Arkin in 1975
|Born||Alan Wolf Arkin
March 26, 1934
Brooklyn, New York, United States
|Occupation||Actor, director, comedian, musician, singer|
|Spouse(s)||Jeremy Yaffe (1955–1961; divorced)
Barbara Dana (1964–? ; divorced)
Suzanne Newlander (m. 1996)
Alan Wolf Arkin (born March 26, 1934) is an American actor, director, comedian, musician and singer. With a film career spanning more than 55 years, Arkin is known for his performances in Popi, Wait Until Dark, The Russians Are Coming, the Russians Are Coming, The Heart is a Lonely Hunter, Catch-22, The In-Laws, Edward Scissorhands, Glengarry Glen Ross, Thirteen Conversations About One Thing, Little Miss Sunshine, and Argo.
He has been nominated for the Academy Award for Best Actor twice for his performances in The Russians Are Coming, the Russians Are Coming and The Heart Is a Lonely Hunter. He won an Academy Award for Best Supporting Actor for his performance in Little Miss Sunshine and received a Best Supporting Actor nomination for his performance in Argo.
Arkin was born in Brooklyn, New York City, the son of David I. Arkin, a painter and writer, and his wife, Beatrice (Wortis), a teacher. He was raised in a Jewish family with "no emphasis on religion". His grandparents were immigrants from Ukraine, Russia, and Germany. His parents moved to Los Angeles when Alan was 11, but an eight-month Hollywood strike cost his father his job as a set designer.

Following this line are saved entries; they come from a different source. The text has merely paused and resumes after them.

(* Let $p<1$, let $k$ be an integer, and let $Y$ be the number of vertices of degree at most $k$ in $\mathcal G(n,p)$. Then $\operatorname{Var}(Y)\le(\mathbb E Y)^2\big(p/(1-p)+1/\mathbb E Y\big)$.
   Context: $\mathcal G(n,p)$ is the Erdős–Rényi random graph on $[n]$, each edge present independently with probability $p$. *)

theory Defs
  imports "HOL-Probability.Probability"
begin

text \<open>Vertex set [n] is represented as {0..<n}. Potential edges are pairs (i,j) with i<j<n.\<close>
definition gnp_edges :: "nat \<Rightarrow> (nat \<times> nat) set" where
  "gnp_edges n = {(i, j). i < j \<and> j < n}"

definition gnp :: "nat \<Rightarrow> real \<Rightarrow> (nat \<times> nat \<Rightarrow> bool) pmf" where
  "gnp n p = Pi_pmf (gnp_edges n) False (\<lambda>_. bernoulli_pmf p)"

definition adj :: "(nat \<times> nat \<Rightarrow> bool) \<Rightarrow> nat \<Rightarrow> nat \<Rightarrow> bool" where
  "adj G u v = (u \<noteq> v \<and> G (min u v, max u v))"

definition degree :: "nat \<Rightarrow> (nat \<times> nat \<Rightarrow> bool) \<Rightarrow> nat \<Rightarrow> nat" where
  "degree n G v = card {u. u < n \<and> adj G u v}"

definition num_low_deg :: "nat \<Rightarrow> int \<Rightarrow> (nat \<times> nat \<Rightarrow> bool) \<Rightarrow> real" where
  "num_low_deg n k G = real (card {v. v < n \<and> int (degree n G v) \<le> k})"

end

theory Submission imports Defs begin

text \<open>
  Write \<open>Y\<close> as the sum of the indicators of the events \<open>A\<^sub>v = [deg v \<le> k]\<close>, so that
  \<open>Var Y = \<Sum>\<^sub>u\<^sub>,\<^sub>v P(A\<^sub>u \<and> A\<^sub>v) - (E Y)\<^sup>2\<close> and the diagonal terms add up to \<open>E Y\<close>.
  For \<open>u \<noteq> v\<close>, condition on the edge \<open>uv\<close>: the numbers of neighbours of \<open>u\<close> and of \<open>v\<close>
  outside \<open>{u, v}\<close> are functions of disjoint sets of edges, hence independent. If \<open>a \<ge> b\<close> are the
  probabilities that the first one is at most \<open>k\<close> resp. \<open>k - 1\<close>, and \<open>c \<ge> d\<close> those of the second, then
  \<open>(1 - p) P(A\<^sub>u \<and> A\<^sub>v) = (1 - p) (p b d + (1 - p) a c) \<le> (p b + (1 - p) a) (p d + (1 - p) c) = P(A\<^sub>u) P(A\<^sub>v)\<close>.
  Summing over all pairs gives \<open>Var Y \<le> (1/(1 - p) - 1) (E Y)\<^sup>2 + E Y\<close>.
\<close>

definition depends_only_on :: "'a set \<Rightarrow> (('a \<Rightarrow> 'b) \<Rightarrow> bool) \<Rightarrow> bool" where
  "depends_only_on A X \<longleftrightarrow> (\<forall>f g. (\<forall>x\<in>A. f x = g x) \<longrightarrow> X f = X g)"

During the 1950s Red Scare, Arkin's parents were accused of being Communists, and his father was fired when he refused to answer questions about his political ideology. David Arkin challenged the dismissal, but he was vindicated only after his death.
Arkin, who had been taking acting lessons since age 10, became a scholarship student at various drama academies, including one run by the Stanislavsky student Benjamin Zemach, who taught Arkin a psychological approach to acting. Arkin attended Los Angeles City College from 1951 to 1953. He also attended Bennington College. With two friends, he formed the folk music group The Tarriers, in which Arkin sang and played guitar. The band members co-composed the group's 1956 hit "The Banana Boat Song", a reworking, with some new lyrics, of a traditional, Jamaican calypso folk song of the same name, combined with another titled "Hill and Gully Rider". It reached #4 on the Billboard magazine chart the same year as Harry Belafonte's better-known hit version. The group appeared in the 1957 Calypso-exploitation film Calypso Heat Wave, singing "Banana Boat Song" and "Choucoune".

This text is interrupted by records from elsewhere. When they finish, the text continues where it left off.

abbreviation resid :: "(real^'p::finite \<Rightarrow> real) \<Rightarrow> ('p,'r::finite) outcome \<Rightarrow> real" where
  "resid f \<equiv> \<lambda>\<omega>. simY \<omega> - f (simX \<omega>)"

lemma borel_measurable_resid [measurable]:
  assumes [measurable]: "f \<in> borel_measurable borel"
  shows "resid f \<in> borel_measurable borel"
  by measurable

lemma emeasure_resid_distr:
  assumes P: "sets P = sets borel" and f: "f \<in> borel_measurable borel" and A: "A \<in> sets borel"
  shows "emeasure (resid_distr P f) A = emeasure P (resid f -` A \<inter> space P)"
proof -
  have "resid f \<in> borel_measurable P"
    using borel_measurable_resid[OF f] by (simp add: measurable_cong_sets[OF P refl])
  then show ?thesis
    unfolding resid_distr_def using A by (simp add: emeasure_distr)
qed

definition structural_resid ::
  "(real^'p::finite \<Rightarrow> real) \<Rightarrow> real^'r::finite^'p \<Rightarrow> (real^'p \<Rightarrow> real)
   \<Rightarrow> (real \<times> (real^'p)) \<times> (real^'r) \<Rightarrow> real" where
  "structural_resid f0 M0 f = (\<lambda>((u, v), z). f0 (M0 *v z + v) + u - f (M0 *v z + v))"

definition cond_resid_prob ::
  "(real^'p::finite \<Rightarrow> real) \<Rightarrow> real^'r::finite^'p \<Rightarrow> (real \<times> (real^'p)) measure
   \<Rightarrow> (real^'p \<Rightarrow> real) \<Rightarrow> real set \<Rightarrow> real^'r \<Rightarrow> ennreal" where
  "cond_resid_prob f0 M0 \<Lambda>0 f A z = emeasure \<Lambda>0 {w. structural_resid f0 M0 f (w, z) \<in> A}"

From 1958 to 1968, Arkin performed and recorded with the children's folk group, The Baby Sitters. He also performed the role of Dr. Pangloss in a concert staging of Leonard Bernstein's operetta Candide, alongside Madeline Kahn's Cunegonde. Arkin was an early member of The Second City comedy troupe in the 1960s.
Arkin is one of only six actors to receive an Academy Award nomination for Best Actor for his first screen appearance (for The Russians Are Coming, the Russians Are Coming in 1966). Two years later, he was again nominated, for The Heart Is a Lonely Hunter.
In 1968, he appeared in the title role of Inspector Clouseau, after Peter Sellers disassociated himself from the role, but the film was not well received by Sellers' fans. Arkin and his second wife, Barbara Dana, appeared together on the 1970–71 season of Sesame Street as a comical couple named Larry and Phyllis who resolve their conflicts when they remember how to pronounce the word "cooperate."
His best known films include his Oscar-nominated Wait Until Dark, as the erudite killer stalking Audrey Hepburn; The Heart Is a Lonely Hunter; Catch-22; The Seven-Per-Cent Solution; Little Murders; The In-Laws; Glengarry Glen Ross; and Little Miss Sunshine, for which he won a Best Supporting Actor Oscar; and Argo. His portrayal of Dr. Oatman, a scared and emotionally conflicted psychiatrist treating John Cusack's hit man character Martin Q. Blank in Grosse Point Blank was also well received.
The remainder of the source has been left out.